Hussein Al-Baiaty: That’s amazing. Garrett, I learned so much today. Thank you for sharing your stories and your experiences with us today. So the book is called, Unbridled Spirit: Lessons in Life and Business from Kentucky’s Most Success Entrepreneurs. Besides checking out the book, where can people find you?
Garrett Fahrbach: Yeah, people can find me if you hop in that car of yours or get up on your private plane because you’re super cool and have one, if you come to 348 East Main Street Lexington, Kentucky, that’s the HQ for Awesome Inc. We love to have you, and you can reach out to me, my email is [email protected]. My work phone is 859-429-0106 and again, you can find our book, Unbridled Spirit, the first and the second volume, on Amazon.com.
Then if you head over to, let’s see what this website is, if you go to entrepreneurhof.com/book, you can find a little bit about our book and some of the stories, and then I believe that will also take you either over to Amazon or Audible for an audiobook but those where you can find our resources.
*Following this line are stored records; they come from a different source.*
(* Let $A$ be a $d$-dimensional system, $B=B_1B_2$ with $B_1$ finite-dimensional and $B_2$ a qubit, and $C$ a qubit. Let $\rho_1^{AB_1},\rho_2^{AB_1}$ be states, $p_1,p_2\ge0$ with $p_1+p_2=1$, and $$\rho^{ABC}=p_1\,\rho_1^{AB_1}\otimes|\Psi^+\rangle\langle\Psi^+|^{B_2C}+p_2\,\rho_2^{AB_1}\otimes|\Psi^-\rangle\langle\Psi^-|^{B_2C},$$ with $|\Psi^\pm\rangle=(|01\rangle\pm|10\rangle)/\sqrt2$. Then for every CPTP map $\Lambda$ on system $A$, $$E^{AB|C}\big((\Lambda^A\otimes\mathrm{id}^{BC})[\rho^{ABC}]\big)=\tfrac12\big\|(\Lambda^A\otimes\mathrm{id}^{B_1})[p_1\rho_1^{AB_1}-p_2\rho_2^{AB_1}]\big\|_1 .$$
   Context: Negativity of a bipartite operator $X$ with respect to the cut $X_1|X_2$ is $E^{X_1|X_2}(X)=\frac{\|X^{T_{X_2}}\|_1-1}{2}$, where $T_{X_2}$ is the partial transpose on $X_2$ and $\|M\|_1=\mathrm{Tr}\sqrt{M^\dagger M}$; $E^{AB|C}$ treats $AB=AB_1B_2$ as one party and $C$ as the other. *)

theory Defs
  imports Complex_Main "Jordan_Normal_Form.Matrix"
begin

text \<open>Composite systems use the Kronecker product with the
standard index ordering: index (i,k) of X (x) Y is i * dimY + k.\<close>

definition mtrace :: "complex mat \<Rightarrow> complex" where
  "mtrace M = (\<Sum>i<dim_row M. M $$ (i, i))"

definition adj :: "complex mat \<Rightarrow> complex mat" where
  "adj M = mat (dim_col M) (dim_row M) (\<lambda>(i, j). cnj (M $$ (j, i)))"

definition kron :: "complex mat \<Rightarrow> complex mat \<Rightarrow> complex mat" where
  "kron X Y = mat (dim_row X * dim_row Y) (dim_col X * dim_col Y)
     (\<lambda>(i, j). X $$ (i div dim_row Y, j div dim_col Y) * Y $$ (i mod dim_row Y, j mod dim_col Y))"

definition psd :: "complex mat \<Rightarrow> bool" where
  "psd M \<longleftrightarrow> dim_row M = dim_col M \<and> adj M = M \<and>
     (\<forall>v \<in> carrier_vec (dim_row M).
        let q = (\<Sum>i<dim_row M. cnj (v $ i) * (M *\<^sub>v v) $ i) in Im q = 0 \<and> Re q \<ge> 0)"

definition density :: "nat \<Rightarrow> complex mat \<Rightarrow> bool" where
  "density n \<rho> \<longleftrightarrow> \<rho> \<in> carrier_mat n n \<and> psd \<rho> \<and> mtrace \<rho> = 1"

definition msqrt :: "complex mat \<Rightarrow> complex mat" where
  "msqrt M = (THE S. S \<in> carrier_mat (dim_row M) (dim_row M) \<and> psd S \<and> S * S = M)"

definition trace_norm :: "complex mat \<Rightarrow> real" where
  "trace_norm M = Re (mtrace (msqrt (adj M * M)))"
theorem corollary3p9:
  fixes n :: nat and lam :: "nat list \<Rightarrow> 'k::comm_ring_1" and a :: "(nat \<Rightarrow> nat) \<Rightarrow> 'k"
  defines "a \<equiv> (\<lambda>u. \<Sum>\<alpha>\<in>Comp n. lam \<alpha> * B_comp n \<alpha> u)"
  shows "(\<forall>x :: (nat \<Rightarrow> nat) \<Rightarrow> 'k. (\<forall>u. u \<notin> Sn n \<longrightarrow> x u = 0) \<longrightarrow>
            (\<exists>!c. (\<forall>u. u \<notin> Sn n \<longrightarrow> c u = 0) \<and>
                  x = (\<lambda>v. \<Sum>w\<in>Sn n. c w * lrm_basis n w v)))
       \<and> (\<exists>r. linear_order_on (Sn n) r \<and>
            (\<forall>w\<in>Sn n. \<exists>c :: (nat \<Rightarrow> nat) \<Rightarrow> 'k.
                gmult n a (lrm_basis n w) = (\<lambda>v. \<Sum>u\<in>Sn n. c u * lrm_basis n u v)
              \<and> (\<forall>u\<in>Sn n. c u \<noteq> 0 \<longrightarrow> (u, w) \<in> r)
              \<and> c w = (\<Sum>\<alpha>\<in>Comp n. lam \<alpha> * of_nat (eta (cLRM' n w) \<alpha>))))"
proof (intro conjI allI impI exI[of _ "lrm_order n"] ballI)
  show "\<exists>!c. (\<forall>u. u \<notin> Sn n \<longrightarrow> c u = 0) \<and> x = (\<lambda>v. \<Sum>w\<in>Sn n. c w * lrm_basis n w v)"
    if "\<forall>u. u \<notin> Sn n \<longrightarrow> x u = 0" for x :: "(nat \<Rightarrow> nat) \<Rightarrow> 'k"
    using lrm_basis_unique_expansion[OF that] .
  show "linear_order_on (Sn n) (lrm_order n)" by (rule linear_order_on_lrm_order)
  fix w assume w: "w \<in> Sn n"
  then obtain c :: "(nat \<Rightarrow> nat) \<Rightarrow> 'k" where c:
    "gmult n a (lrm_basis n w) = (\<lambda>v. \<Sum>u\<in>Sn n. c u * lrm_basis n u v)"
    "\<forall>u\<in>Sn n. c u \<noteq> 0 \<longrightarrow> u = w \<or> card (LRM n w) < card (LRM n u)"
    "c w = (\<Sum>\<alpha>\<in>Comp n. lam \<alpha> * of_nat (eta (cLRM' n w) \<alpha>))"
    using mult_lrm_basis_triangular[OF w, of lam] unfolding a_def by blast
  have "(u, w) \<in> lrm_order n" if "u \<in> Sn n" "c u \<noteq> 0" for u
    using c(2) that w unfolding lrm_order_def by auto
  thus "\<exists>c. gmult n a (lrm_basis n w) = (\<lambda>v. \<Sum>u\<in>Sn n. c u * lrm_basis n u v)
          \<and> (\<forall>u\<in>Sn n. c u \<noteq> 0 \<longrightarrow> (u, w) \<in> lrm_order n)
          \<and> c w = (\<Sum>\<alpha>\<in>Comp n. lam \<alpha> * of_nat (eta (cLRM' n w) \<alpha>))"
    using c(1,3) by blast
qed

end
(* Let $\mathbf{M}$ be a compact smooth submanifold without boundary of $\mathbf{R}^s$ with cutlocus $\mathbf{C}$ and nearest-point mapping $\pi$. Suppose $t_0,t_1\notin\mathbf{C}$ and $\pi(t_0)=\pi(t_1)=\mu\in\mathbf{M}$. Then for every $\alpha\in[0,1]$, the point $t_\alpha=(1-\alpha)t_0+\alpha t_1$ satisfies $t_\alpha\notin\mathbf{C}$ and $\pi(t_\alpha)=\mu$. In other words, $\pi^{-1}\{\mu\}\setminus\mathbf{C}$ is convex.
   Context: The cutlocus $\mathbf{C}$ is the set of $x\in\mathbf{R}^s$ such that the minimizer of $L_x(\mu)=\|\mu-x\|^2$ over $\mathbf{M}$ is not unique, or $L_x$ has a degenerate second derivative (Hessian) at its minimizer; for $x\notin\mathbf{C}$, $\pi(x)=\arg\min_{\mu\in\mathbf{M}}\|\mu-x\|$. *)

theory Defs
  imports "HOL-Analysis.Analysis"
begin

fun dd :: "'a::real_normed_vector list \<Rightarrow> ('a \<Rightarrow> 'b::real_normed_vector) \<Rightarrow> 'a \<Rightarrow> 'b" where
  "dd [] f = f"
| "dd (v # vs) f = (\<lambda>x. frechet_derivative (dd vs f) (at x) v)"

definition smooth_on :: "'a::real_normed_vector set \<Rightarrow> ('a \<Rightarrow> 'b::real_normed_vector) \<Rightarrow> bool" where
  "smooth_on U f \<longleftrightarrow> (\<forall>vs. \<forall>x\<in>U. dd vs f differentiable (at x))"

definition local_param ::
  "'a::euclidean_space set \<Rightarrow> 'd::euclidean_space set \<Rightarrow> ('d \<Rightarrow> 'a) \<Rightarrow> bool" where
  "local_param M V \<psi> \<longleftrightarrow> open V \<and> smooth_on V \<psi>
     \<and> (\<forall>v\<in>V. inj (frechet_derivative \<psi> (at v)))
     \<and> (\<exists>W g. open W \<and> homeomorphism V (M \<inter> W) \<psi> g)"

text \<open>M is a smooth submanifold without boundary of dimension DIM('d).\<close>
definition smooth_submanifold :: "'a::euclidean_space set \<Rightarrow> 'd::euclidean_space itself \<Rightarrow> bool" where
  "smooth_submanifold M _ \<longleftrightarrow>
     (\<forall>p\<in>M. \<exists>V (\<psi>::'d \<Rightarrow> 'a). local_param M V \<psi> \<and> p \<in> \<psi> ` V)"

definition is_nearest :: "'a::euclidean_space set \<Rightarrow> 'a \<Rightarrow> 'a \<Rightarrow> bool" where
  "is_nearest M x \<mu> \<longleftrightarrow> \<mu> \<in> M \<and> (\<forall>\<nu>\<in>M. (norm (\<mu> - x))\<^sup>2 \<le> (norm (\<nu> - x))\<^sup>2)"

definition hessian_degenerate :: "('d::euclidean_space \<Rightarrow> real) \<Rightarrow> 'd \<Rightarrow> bool" where
  "hessian_degenerate g v \<longleftrightarrow> (\<exists>a. a \<noteq> 0 \<and> (\<forall>b. dd [b, a] g v = 0))"

definition cutlocus :: "'a::euclidean_space set \<Rightarrow> 'd::euclidean_space itself \<Rightarrow> 'a set" where
  "cutlocus M _ = {x. \<not> (\<exists>!\<mu>. is_nearest M x \<mu>)
      \<or> (\<exists>\<mu> V (\<psi>::'d \<Rightarrow> 'a) v. is_nearest M x \<mu> \<and> local_param M V \<psi> \<and> v \<in> V \<and> \<psi> v = \<mu>
            \<and> hessian_degenerate (\<lambda>u. (norm (\<psi> u - x))\<^sup>2) v)}"

definition nearest_point :: "'a::euclidean_space set \<Rightarrow> 'a \<Rightarrow> 'a" where
  "nearest_point M x = (THE \<mu>. is_nearest M x \<mu>)"

end

theory Submission
  imports Defs
begin

text \<open>
  For fixed \<open>\<nu>\<close>, the difference \<open>|\<nu> - t|\<^sup>2 - |\<mu> - t|\<^sup>2\<close> is affine in \<open>t\<close>. Hence if \<open>\<mu>\<close>
  is nearest to \<open>t0\<close> and to \<open>t1\<close>, it is nearest to every \<open>t\<^sub>\<alpha>\<close>, and any other point nearest to
  \<open>t\<^sub>\<alpha>\<close> would be nearest to \<open>t0\<close> or to \<open>t1\<close>, against uniqueness there.
  Likewise, for a chart \<open>\<psi>\<close> with \<open>\<psi> v = \<mu>\<close>, the Hessian at \<open>v\<close> of \<open>u \<mapsto> |\<psi> u - t|\<^sup>2\<close> is
  affine in \<open>t\<close>, and it is positive semidefinite when \<open>\<mu>\<close> is nearest to \<open>t\<close>, since \<open>v\<close> is then
  a minimum. A positive semidefinite symmetric form vanishing on a vector \<open>a\<close> has \<open>a\<close> in its
  kernel, so a degenerate Hessian for \<open>t\<^sub>\<alpha>\<close> forces a degenerate Hessian for \<open>t0\<close> or \<open>t1\<close>.
  The symmetry of the Hessian (Schwarz's theorem) is obtained from second differences.
\<close>

section \<open>Second derivatives of real functions\<close>

lemma mvt_along_ray:
  fixes F :: "'a::real_normed_vector \<Rightarrow> real"
  assumes "0 < s"
    and der: "\<And>t. t \<in> {0..s} \<Longrightarrow> (F has_derivative F' t) (at (p + t *\<^sub>R q))"
  shows "\<exists>\<xi>\<in>{0<..<s}. F (p + s *\<^sub>R q) - F p = s * F' \<xi> q"
proof -
  have "((\<lambda>t. F (p + t *\<^sub>R q)) has_derivative (\<lambda>h. F' t (h *\<^sub>R q))) (at t within {0..s})"
    if "t \<in> {0..s}" for t
  proof -
    have "((\<lambda>t. p + t *\<^sub>R q) has_derivative (\<lambda>h. h *\<^sub>R q)) (at t)"
      by (auto intro!: derivative_eq_intros)
    from has_derivative_compose[OF this der[OF that]] show ?thesis
      by (simp add: o_def has_derivative_at_withinI)
  qed
  from mvt_simple[OF \<open>0 < s\<close> this] obtain \<xi>
    where \<xi>: "\<xi> \<in> {0<..<s}" "F (p + s *\<^sub>R q) - F p = F' \<xi> (s *\<^sub>R q)"
    by auto
  have lin: "bounded_linear (F' \<xi>)"
    using der[of \<xi>] \<xi>(1) by (auto dest: has_derivative_bounded_linear)
  have "F' \<xi> (s *\<^sub>R q) = s * F' \<xi> q"
    using linear_cmul[OF bounded_linear.linear[OF lin]] by simp
  with \<xi> show ?thesis
    by auto
qed
lemma PSWF_root_beyond_turning_point:
  assumes \<psi>: "is_PSWF c n \<psi> lam" and ode: "prolate_ode c chi \<psi>" and "1 < x" "\<psi> x = 0"
  shows "chi < c\<^sup>2 * x\<^sup>2"
proof (rule ccontr)
  assume "\<not> chi < c\<^sup>2 * x\<^sup>2"
  then have "\<psi> t = 0" if "1 < t" "t < x" for t
    using prolate_solution.eq_0_if_root_below_turning_point[OF PSWF_prolate_solution[OF \<psi> ode]]
      assms that by simp
  then have "\<psi> s = 0" for s
    by (rule real_restriction_of_entire_eq_0[OF PSWF_entire_extension[OF \<psi>] \<open>1 < x\<close>])
  then have "integral {-1..1} (\<lambda>t. (\<psi> t)\<^sup>2) = 0"
    by simp
  with \<psi> show False
    by (simp add: is_PSWF_def)
qed

theorem theorem35:
  fixes c chi x y :: real and n :: nat and \<psi> :: "real \<Rightarrow> real" and lam :: complex
  assumes "c > 0"
    and "is_PSWF c n \<psi> lam"
    and "chi > 0" and "prolate_ode c chi \<psi>"
    and "chi > c\<^sup>2"
    and "1 < x" and "x < y" and "\<psi> x = 0" and "\<psi> y = 0"
  shows "\<bar>deriv \<psi> x\<bar> * ((x\<^sup>2 - 1) / (y\<^sup>2 - 1)) \<le> \<bar>deriv \<psi> y\<bar> \<and>
         \<bar>deriv \<psi> y\<bar> \<le> \<bar>deriv \<psi> x\<bar> *
           sqrt ((x\<^sup>2 - 1) / (x\<^sup>2 - chi / c\<^sup>2) * ((y\<^sup>2 - chi / c\<^sup>2) / (y\<^sup>2 - 1)))"
proof -
  interpret prolate_solution c chi \<psi>
    using PSWF_prolate_solution assms(2,4) .
  have "chi < c\<^sup>2 * x\<^sup>2"
    using PSWF_root_beyond_turning_point assms(2,4,6,8) .
  note roots = \<open>1 < x\<close> this less_imp_le[OF \<open>x < y\<close>] \<open>\<psi> x = 0\<close> \<open>\<psi> y = 0\<close>
  show ?thesis
    using abs_deriv_lower_bound_at_roots[OF roots] abs_deriv_upper_bound_at_roots[OF roots] \<open>c > 0\<close>
    by simp
qed

end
What I would say to anybody else as I am signing off, just be aware of your local entrepreneurial ecosystem and the community and how you can support people and be encouraging, because there are so many people that either want to earn your business or want to partner with you and figure out, “How can I just help you? As a human being, how can I help you?” And that’s been one of the most rewarding things I’ve gotten to learn.
Hussein Al-Baiaty: Well, thank you so much for joining me today, Garrett. I know I learned a bunch. I know our audience really tuned into your stories and experiences. Thanks again for your time today.
Garrett Fahrbach: I appreciate it, thanks for the time, and hopefully you get a copy of the book and if not, I’ll make sure that I get to mail you one.
Hussein Al-Baiaty: No, definitely. I got one, and I’m interested in diving in this weekend.